Tattoo Guns ie. Tattoo Machines

Tattooing has been around for over 5,200 years, yes, you read that correctly and has been used throughout both Western and Eastern histories. Throughout most of that time, they were primarily created using sharpened sticks or bones to puncture the skin and insert ink into the skin’s dermis layer. Over the last 200 years, just a blip on the tattooing timeline new technologies has created faster, more accurate and more efficient ways of tattooing. The biggest technological improvement is the modern tattoo gun, which burst on the scene at the end of the 19th century; things haven’t been the same since.

History of Tattoo guns

The Original Tattoo Gun

In 1876, Thomas Edison patented an engraving machine, which featured a stencil pen that punched a pattern into paper, and then dusted colored powder over it to complete the engraving. Shortly after the patenting of Edison’s battery-powered design, a man called Samuel O’Reilly realized that Edison’s design could be easily modified to allow for tattooing.

Tattoo Gun

A few years later, he had patented his own tattoo machine, which had a new style of the tube assembly and a reservoir for ink. It also, naturally, included an array of rotating needles that permitted the artist to puncture the skin, and then insert ink into it, making the machine an efficient ink-to-skin delivery system. The original tattoo machine was powered using a one-coil electromagnetic system based off of Oersted’s 1820 findings, powering a wheel that in turn drives the motion of the needles.

Coil Tattoo Guns

Coil tattoo guns use a dual-coil electromagnetic system to move the armature bar. Essentially, two electromagnets are used—each with opposite poles—to move needles, which are arrayed between the electromagnets on an armature bar, like a piston. Once the trigger is pulled, the current enters the coils, making them electromagnetic. This pulls down the needs and opens their points to allow ink to flow.

Coil Tattoo Gun

Once the points open, the magnet is turned off, the assembly springs back to the armature bar, and the whole cycle repeats itself again, causing rapid-fire movement.
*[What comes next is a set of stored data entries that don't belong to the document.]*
lemma abs_continuous_on_sum_measure_image_le:
  fixes f :: "real \<Rightarrow> real"
  assumes ac: "abs_continuous_on a b f" and "\<epsilon> > 0"
  obtains \<delta> where "\<delta> > 0"
    "\<And>(I :: 'i set) c d. \<lbrakk>finite I; \<And>i. i \<in> I \<Longrightarrow> a \<le> c i \<and> c i \<le> d i \<and> d i \<le> b;
        \<And>i j. \<lbrakk>i \<in> I; j \<in> I; i \<noteq> j\<rbrakk> \<Longrightarrow> d i \<le> c j \<or> d j \<le> c i; (\<Sum>i\<in>I. d i - c i) < \<delta>\<rbrakk>
       \<Longrightarrow> (\<Sum>i\<in>I. measure lebesgue (f ` {c i..d i})) \<le> \<epsilon>"
proof -
  obtain \<delta> where "\<delta> > 0" and \<delta>: "\<And>(I :: 'i set) l r. \<lbrakk>finite I;
      \<And>i. i \<in> I \<Longrightarrow> a \<le> l i \<and> l i \<le> r i \<and> r i \<le> b;
      \<And>i j. \<lbrakk>i \<in> I; j \<in> I; i \<noteq> j\<rbrakk> \<Longrightarrow> r i \<le> l j \<or> r j \<le> l i; (\<Sum>i\<in>I. r i - l i) < \<delta>\<rbrakk>
     \<Longrightarrow> (\<Sum>i\<in>I. \<bar>f (r i) - f (l i)\<bar>) < \<epsilon>"
    by (rule abs_continuous_onE[OF assms]) (rule that; blast)
  show thesis
  proof (rule that[OF \<open>\<delta> > 0\<close>])
    fix I :: "'i set" and c d
    assume I: "finite I" and cd: "\<And>i. i \<in> I \<Longrightarrow> a \<le> c i \<and> c i \<le> d i \<and> d i \<le> b"
      and disj: "\<And>i j. \<lbrakk>i \<in> I; j \<in> I; i \<noteq> j\<rbrakk> \<Longrightarrow> d i \<le> c j \<or> d j \<le> c i"
      and small: "(\<Sum>i\<in>I. d i - c i) < \<delta>"
    have "\<exists>x y. c i \<le> x \<and> x \<le> y \<and> y \<le> d i \<and> measure lebesgue (f ` {c i..d i}) = \<bar>f y - f x\<bar>"
      if i: "i \<in> I" for i
    proof -
      have "{c i..d i} \<subseteq> {a..b}"
        using cd[OF i] by auto
      then have "continuous_on {c i..d i} f"
        using abs_continuous_on_imp_continuous_on[OF ac] continuous_on_subset by blast
      then obtain x y where "c i \<le> x" "x \<le> y" "y \<le> d i" "measure lebesgue (f ` {c i..d i}) = \<bar>f y - f x\<bar>"
        using cd[OF i] by (elim measure_continuous_image_Icc) simp
      then show ?thesis
        by blast
    qed
    then obtain x y where xy: "\<And>i. i \<in> I \<Longrightarrow> c i \<le> x i \<and> x i \<le> y i \<and> y i \<le> d i \<and>
        measure lebesgue (f ` {c i..d i}) = \<bar>f (y i) - f (x i)\<bar>"
      by metis
    have "(\<Sum>i\<in>I. \<bar>f (y i) - f (x i)\<bar>) < \<epsilon>"
    proof (rule \<delta>[OF I])
      show "a \<le> x i \<and> x i \<le> y i \<and> y i \<le> b" if "i \<in> I" for i
        using xy[OF that] cd[OF that] by auto
      show "y i \<le> x j \<or> y j \<le> x i" if "i \<in> I" "j \<in> I" "i \<noteq> j" for i j
        using disj[OF that] xy[OF that(1)] xy[OF that(2)] by auto
      have "(\<Sum>i\<in>I. y i - x i) \<le> (\<Sum>i\<in>I. d i - c i)"
        using xy by (intro sum_mono) fastforce
      then show "(\<Sum>i\<in>I. y i - x i) < \<delta>"
        using small by linarith
    qed
    then show "(\<Sum>i\<in>I. measure lebesgue (f ` {c i..d i})) \<le> \<epsilon>"
      using xy by simp
  qed
qed

section \<open>Measure of images of real functions\<close>

lemma measure_vec1_image:
  fixes A :: "real set"
  assumes "(vec ` A :: (real^1) set) \<in> lmeasurable"
  shows "A \<in> lmeasurable" "measure lebesgue A = measure lebesgue (vec ` A :: (real^1) set)"
proof -
  obtain m where m: "((\<lambda>x. 1::real) has_integral m) (vec ` A :: (real^1) set)"
    using assms unfolding lmeasurable_iff_integrable_on integrable_on_def by blast
  then have "(((\<lambda>x::real^1. 1::real) \<circ> vec) has_integral m) ((\<lambda>x::real^1. x $ 1) ` vec ` A)"
    by (rule has_integral_vec1_I)
  then have mA: "((\<lambda>x. 1::real) has_integral m) A"
    by (simp add: image_image o_def)
  then show A: "A \<in> lmeasurable"
    unfolding lmeasurable_iff_integrable_on by blast
  show "measure lebesgue A = measure lebesgue (vec ` A :: (real^1) set)"
    using lmeasure_integral[OF A] lmeasure_integral[OF assms] mA m by (simp add: integral_unique)
qed

lemma measure_differentiable_image_real_le:
  fixes f f' g :: "real \<Rightarrow> real"
  assumes S: "S \<in> sets lebesgue"
    and f': "\<And>x. x \<in> S \<Longrightarrow> (f has_real_derivative f' x) (at x within S)"
    and g: "g integrable_on S" and f'_le: "\<And>x. x \<in> S \<Longrightarrow> \<bar>f' x\<bar> \<le> g x"
  shows "f ` S \<in> lmeasurable" "measure lebesgue (f ` S) \<le> integral S g"
proof -
  \<comment> \<open>The library's area formula is stated for maps on \<open>real^'n\<close>; transport \<open>f\<close> along \<open>vec\<close>.\<close>
  let ?S = "vec ` S :: (real^1) set"
  define F where "F x = (vec (f (x $ 1)) :: real^1)" for x :: "real^1"
  define F' where "F' x = (\<lambda>h::real^1. f' (x $ 1) *\<^sub>R h)" for x :: "real^1"
  have S1: "?S \<in> sets lebesgue"
    by (auto intro: differentiable_image_in_sets_lebesgue [OF S] differentiable_vec)
  have F': "(F has_derivative F' x) (at x within ?S)" if "x \<in> ?S" for x
  proof -
    obtain z where z: "z \<in> S" "x = vec z" using \<open>x \<in> ?S\<close> by blast
    have "(f has_derivative (\<lambda>h. h * f' z)) (at z within S)"
      using f'[OF z(1)] by (simp add: has_field_derivative_def mult.commute[of _ "f' z"])
    then have "((\<lambda>x. vec (f (x $ 1))) has_derivative (*\<^sub>R) (f' z)) (at (vec z :: real^1) within ?S)"
      by (rule has_derivative_vector_1)
    then show ?thesis using z by (simp add: F_def[abs_def] F'_def[abs_def])
  qed
  have det_F': "det (matrix (F' x)) = f' (x $ 1)" for x
    by (simp add: F'_def det_1 matrix_def)
  have g1: "(\<lambda>x::real^1. g (x $ 1)) integrable_on ?S"
  proof -
    obtain m where "(g has_integral m) S" using g by blast
    then have "(((\<lambda>x::real^1. g (x $ 1)) \<circ> vec) has_integral m) ((\<lambda>x::real^1. x $ 1) ` ?S)"
      by (simp add: image_image o_def)
    then show ?thesis unfolding integrable_on_def by (blast dest: has_integral_vec1_D)
  qed
  have "(\<lambda>x. f' (x $ 1)) \<in> borel_measurable (lebesgue_on ?S)"
    using borel_measurable_det_Jacobian[OF S1 F'] by (simp add: det_F')
  then have "(\<lambda>x. \<bar>f' (x $ 1)\<bar>) integrable_on ?S"
    by (intro measurable_bounded_by_integrable_imp_integrable_real[OF _ g1 _ S1])
       (use f'_le in auto)
  then have J: "(\<lambda>x. \<bar>det (matrix (F' x))\<bar>) integrable_on ?S"
    by (simp add: det_F')
  have FS: "F ` ?S = vec ` (f ` S)"
    by (auto simp: F_def image_image)
  have "measure lebesgue (F ` ?S) \<le> integral ?S (\<lambda>x. \<bar>det (matrix (F' x))\<bar>)"
    by (rule measure_differentiable_image[OF S1 F' J])
  also have "\<dots> \<le> integral ?S (\<lambda>x::real^1. g (x $ 1))"
    by (rule integral_le[OF J g1]) (use f'_le in \<open>auto simp: det_F'\<close>)
  also have "\<dots> = integral S g"
    by (simp add: integral_vec1_eq image_image o_def)
  finally show "f ` S \<in> lmeasurable" "measure lebesgue (f ` S) \<le> integral S g"
    using measure_vec1_image[of "f ` S"] measurable_differentiable_image[OF S1 F' J] FS by auto
qed

lemma disjoint_Ioo_imp_le:
  fixes a b c d :: real
  assumes "{a<..<b} \<inter> {c<..<d} = {}" "a < b" "c < d"
  shows "b \<le> c \<or> d \<le> a"
proof (rule ccontr)
  assume "\<not> (b \<le> c \<or> d \<le> a)"
  then have "(max a c + min b d) / 2 \<in> {a<..<b} \<inter> {c<..<d}"
    using assms(2,3) by (auto simp: max_def min_def)
  with assms(1) show False by blast
qed

lemma negligible_Icc_cover:
  fixes N :: "real set"
  assumes N: "negligible N" "N \<subseteq> {a..b}" and "a < b" "\<delta> > 0"
  obtains \<D> c d where "countable \<D>" "N \<subseteq> \<Union>\<D>"
    "\<And>K. K \<in> \<D> \<Longrightarrow> K = {c K..d K}" "\<And>K. K \<in> \<D> \<Longrightarrow> a \<le> c K \<and> c K < d K \<and> d K \<le> b"
    "\<And>K L. \<lbrakk>K \<in> \<D>; L \<in> \<D>; K \<noteq> L\<rbrakk> \<Longrightarrow> d K \<le> c L \<or> d L \<le> c K"
    "\<And>\<F>. \<lbrakk>\<F> \<subseteq> \<D>; finite \<F>\<rbrakk> \<Longrightarrow> (\<Sum>K\<in>\<F>. d K - c K) < \<delta>"
proof -
  obtain \<D> where "countable \<D>"
    and \<D>_cbox: "\<And>K. K \<in> \<D> \<Longrightarrow> K \<subseteq> cbox a b \<and> K \<noteq> {} \<and> (\<exists>c d. K = cbox c d)"
    and \<D>_disj: "pairwise (\<lambda>K L. interior K \<inter> interior L = {}) \<D>"
    and \<D>_interior: "\<And>K. \<lbrakk>K \<in> \<D>; box a b \<noteq> {}\<rbrakk> \<Longrightarrow> interior K \<noteq> {}"
    and "N \<subseteq> \<Union>\<D>" "\<Union>\<D> \<in> lmeasurable"
    and \<D>_small: "measure lebesgue (\<Union>\<D>) \<le> measure lebesgue N + \<delta> / 2"
    using measurable_outer_intervals_bounded[OF negligible_imp_measurable[OF N(1)] _ half_gt_zero[OF \<open>\<delta> > 0\<close>]]
      N(2) by (metis cbox_interval)
  have Icc: "K = {Inf K..Sup K}" "a \<le> Inf K \<and> Inf K < Sup K \<and> Sup K \<le> b" if K: "K \<in> \<D>" for K
  proof -
    obtain c d where "K = {c..d}" "K \<subseteq> {a..b}"
      using \<D>_cbox[OF K] by auto
    moreover have "interior K \<noteq> {}"
      using \<D>_interior[OF K] \<open>a < b\<close> by simp
    ultimately show "K = {Inf K..Sup K}" "a \<le> Inf K \<and> Inf K < Sup K \<and> Sup K \<le> b"
      by auto
  qed
  have ordered: "Sup K \<le> Inf L \<or> Sup L \<le> Inf K" if KL: "K \<in> \<D>" "L \<in> \<D>" "K \<noteq> L" for K L
  proof (rule disjoint_Ioo_imp_le)
    have "interior K \<inter> interior L = {}"
      using \<D>_disj KL by (auto simp: pairwise_def)
    then show "{Inf K<..<Sup K} \<inter> {Inf L<..<Sup L} = {}"
      using Icc(1)[OF KL(1)] Icc(1)[OF KL(2)] by (metis interior_atLeastAtMost_real)
  qed (use Icc(2)[OF KL(1)] Icc(2)[OF KL(2)] in auto)
  have small: "(\<Sum>K\<in>\<F>. Sup K - Inf K) < \<delta>" if \<F>: "\<F> \<subseteq> \<D>" "finite \<F>" for \<F>
  proof -
    have div: "\<F> division_of \<Union>\<F>"
    proof (rule division_ofI)
      show "interior K \<inter> interior L = {}" if "K \<in> \<F>" "L \<in> \<F>" "K \<noteq> L" for K L
        using \<D>_disj \<F> that unfolding pairwise_def by blast
    qed (use \<F> \<D>_cbox in auto)
    have "measure lebesgue K = Sup K - Inf K" if "K \<in> \<D>" for K
      using Icc(2)[OF that] by (subst Icc(1)[OF that]) simp
    then have "(\<Sum>K\<in>\<F>. Sup K - Inf K) = (\<Sum>K\<in>\<F>. measure lebesgue K)"
      using \<F>(1) by (intro sum.cong) auto
    also have "\<dots> = measure lebesgue (\<Union>\<F>)"
      using div by (rule content_division)
    also have "\<dots> \<le> measure lebesgue (\<Union>\<D>)"
      using \<F>(1) \<open>\<Union>\<D> \<in> lmeasurable\<close> lmeasurable_division[OF div]
      by (intro measure_mono_fmeasurable) auto
    also have "\<dots> < \<delta>"
      using \<D>_small N(1) \<open>\<delta> > 0\<close> by (simp add: negligible_imp_measure0)
    finally show ?thesis .
  qed
  show thesis
    using \<open>countable \<D>\<close> \<open>N \<subseteq> \<Union>\<D>\<close> Icc ordered small by (rule that)
qed

lemma abs_continuous_on_image_Icc_cover:
  fixes f :: "real \<Rightarrow> real"
  assumes ac: "abs_continuous_on a b f" and N: "negligible N" "N \<subseteq> {a..b}" and "a < b" "\<epsilon> > 0"
  obtains \<D> where "countable \<D>" "N \<subseteq> \<Union>\<D>" "\<And>K. K \<in> \<D> \<Longrightarrow> f ` K \<in> lmeasurable"
    "\<And>\<F>. \<lbrakk>\<F> \<subseteq> \<D>; finite \<F>\<rbrakk> \<Longrightarrow> (\<Sum>K\<in>\<F>. measure lebesgue (f ` K)) \<le> \<epsilon>"
proof -
  obtain \<delta> where "\<delta> > 0" and \<delta>: "\<And>(I :: real set set) c d. \<lbrakk>finite I;
      \<And>i. i \<in> I \<Longrightarrow> a \<le> c i \<and> c i \<le> d i \<and> d i \<le> b;
      \<And>i j. \<lbrakk>i \<in> I; j \<in> I; i \<noteq> j\<rbrakk> \<Longrightarrow> d i \<le> c j \<or> d j \<le> c i; (\<Sum>i\<in>I. d i - c i) < \<delta>\<rbrakk>
     \<Longrightarrow> (\<Sum>i\<in>I. measure lebesgue (f ` {c i..d i})) \<le> \<epsilon>"
    by (rule abs_continuous_on_sum_measure_image_le[OF ac \<open>\<epsilon> > 0\<close>]) (rule that; blast)
  show thesis
  proof (rule negligible_Icc_cover[OF N \<open>a < b\<close> \<open>\<delta> > 0\<close>])
    fix \<D> c d
    assume "countable \<D>" "N \<subseteq> \<Union>\<D>"
      and Icc: "\<And>K. K \<in> \<D> \<Longrightarrow> K = {c K..d K}" "\<And>K. K \<in> \<D> \<Longrightarrow> a \<le> c K \<and> c K < d K \<and> d K \<le> b"
      and ordered: "\<And>K L. \<lbrakk>K \<in> \<D>; L \<in> \<D>; K \<noteq> L\<rbrakk> \<Longrightarrow> d K \<le> c L \<or> d L \<le> c K"
      and small: "\<And>\<F>. \<lbrakk>\<F> \<subseteq> \<D>; finite \<F>\<rbrakk> \<Longrightarrow> (\<Sum>K\<in>\<F>. d K - c K) < \<delta>"
    have image_lmeasurable: "f ` K \<in> lmeasurable" if "K \<in> \<D>" for K
    proof -
      have "{c K..d K} \<subseteq> {a..b}"
        using Icc(2)[OF that] by auto
      then have "continuous_on {c K..d K} f"
        using abs_continuous_on_imp_continuous_on[OF ac] continuous_on_subset by blast
      then show ?thesis
        using Icc(1)[OF that] by (metis compact_Icc compact_continuous_image lmeasurable_compact)
    qed
    have image_small: "(\<Sum>K\<in>\<F>. measure lebesgue (f ` K)) \<le> \<epsilon>" if \<F>: "\<F> \<subseteq> \<D>" "finite \<F>" for \<F>
    proof -
      have "(\<Sum>K\<in>\<F>. measure lebesgue (f ` K)) = (\<Sum>K\<in>\<F>. measure lebesgue (f ` {c K..d K}))"
        using \<F>(1) Icc(1) by (intro sum.cong) auto
      also have "\<dots> \<le> \<epsilon>"
      proof (rule \<delta>[OF \<F>(2)])
        show "a \<le> c K \<and> c K \<le> d K \<and> d K \<le> b" if "K \<in> \<F>" for K
          using Icc(2) \<F>(1) that by fastforce
        show "d K \<le> c L \<or> d L \<le> c K" if "K \<in> \<F>" "L \<in> \<F>" "K \<noteq> L" for K L
          using ordered \<F>(1) that by blast
      qed (rule small[OF \<F>])
      finally show ?thesis .
    qed
    show thesis
      using \<open>countable \<D>\<close> \<open>N \<subseteq> \<Union>\<D>\<close> image_lmeasurable image_small by (rule that)
  qed
qed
The weight of the initial dual-coil gun (patented by Alfred Charles South) was such that they were often hung from the ceiling in order to make it easier for tattoo artists to use them.

Today’s Guns

Nowadays, most artists use variations on the dual-coil gun—and most have at least two guns in their arsenal, one for lining and one for shading. For lining, most artists use eight-wrap coil machines, which generates a smaller amount of electromagnetism than the ten-wrap machines, which are used for shading.

modern tattoo gun

Modern guns are highly adaptable, allowing artists to determine precisely how deep the needles should go into the skin, how fast the needles should move, and how hard they hit the skin. This customization makes the tattoo gun, more than ever, an extension of the artists’ body.

Up-and-Coming Guns

Pneumatic guns use air compression to power the needles, and completely remove the need for electromagnetism, while swash drive machines are bearing-driven rotary machines that are quiet and efficient guns.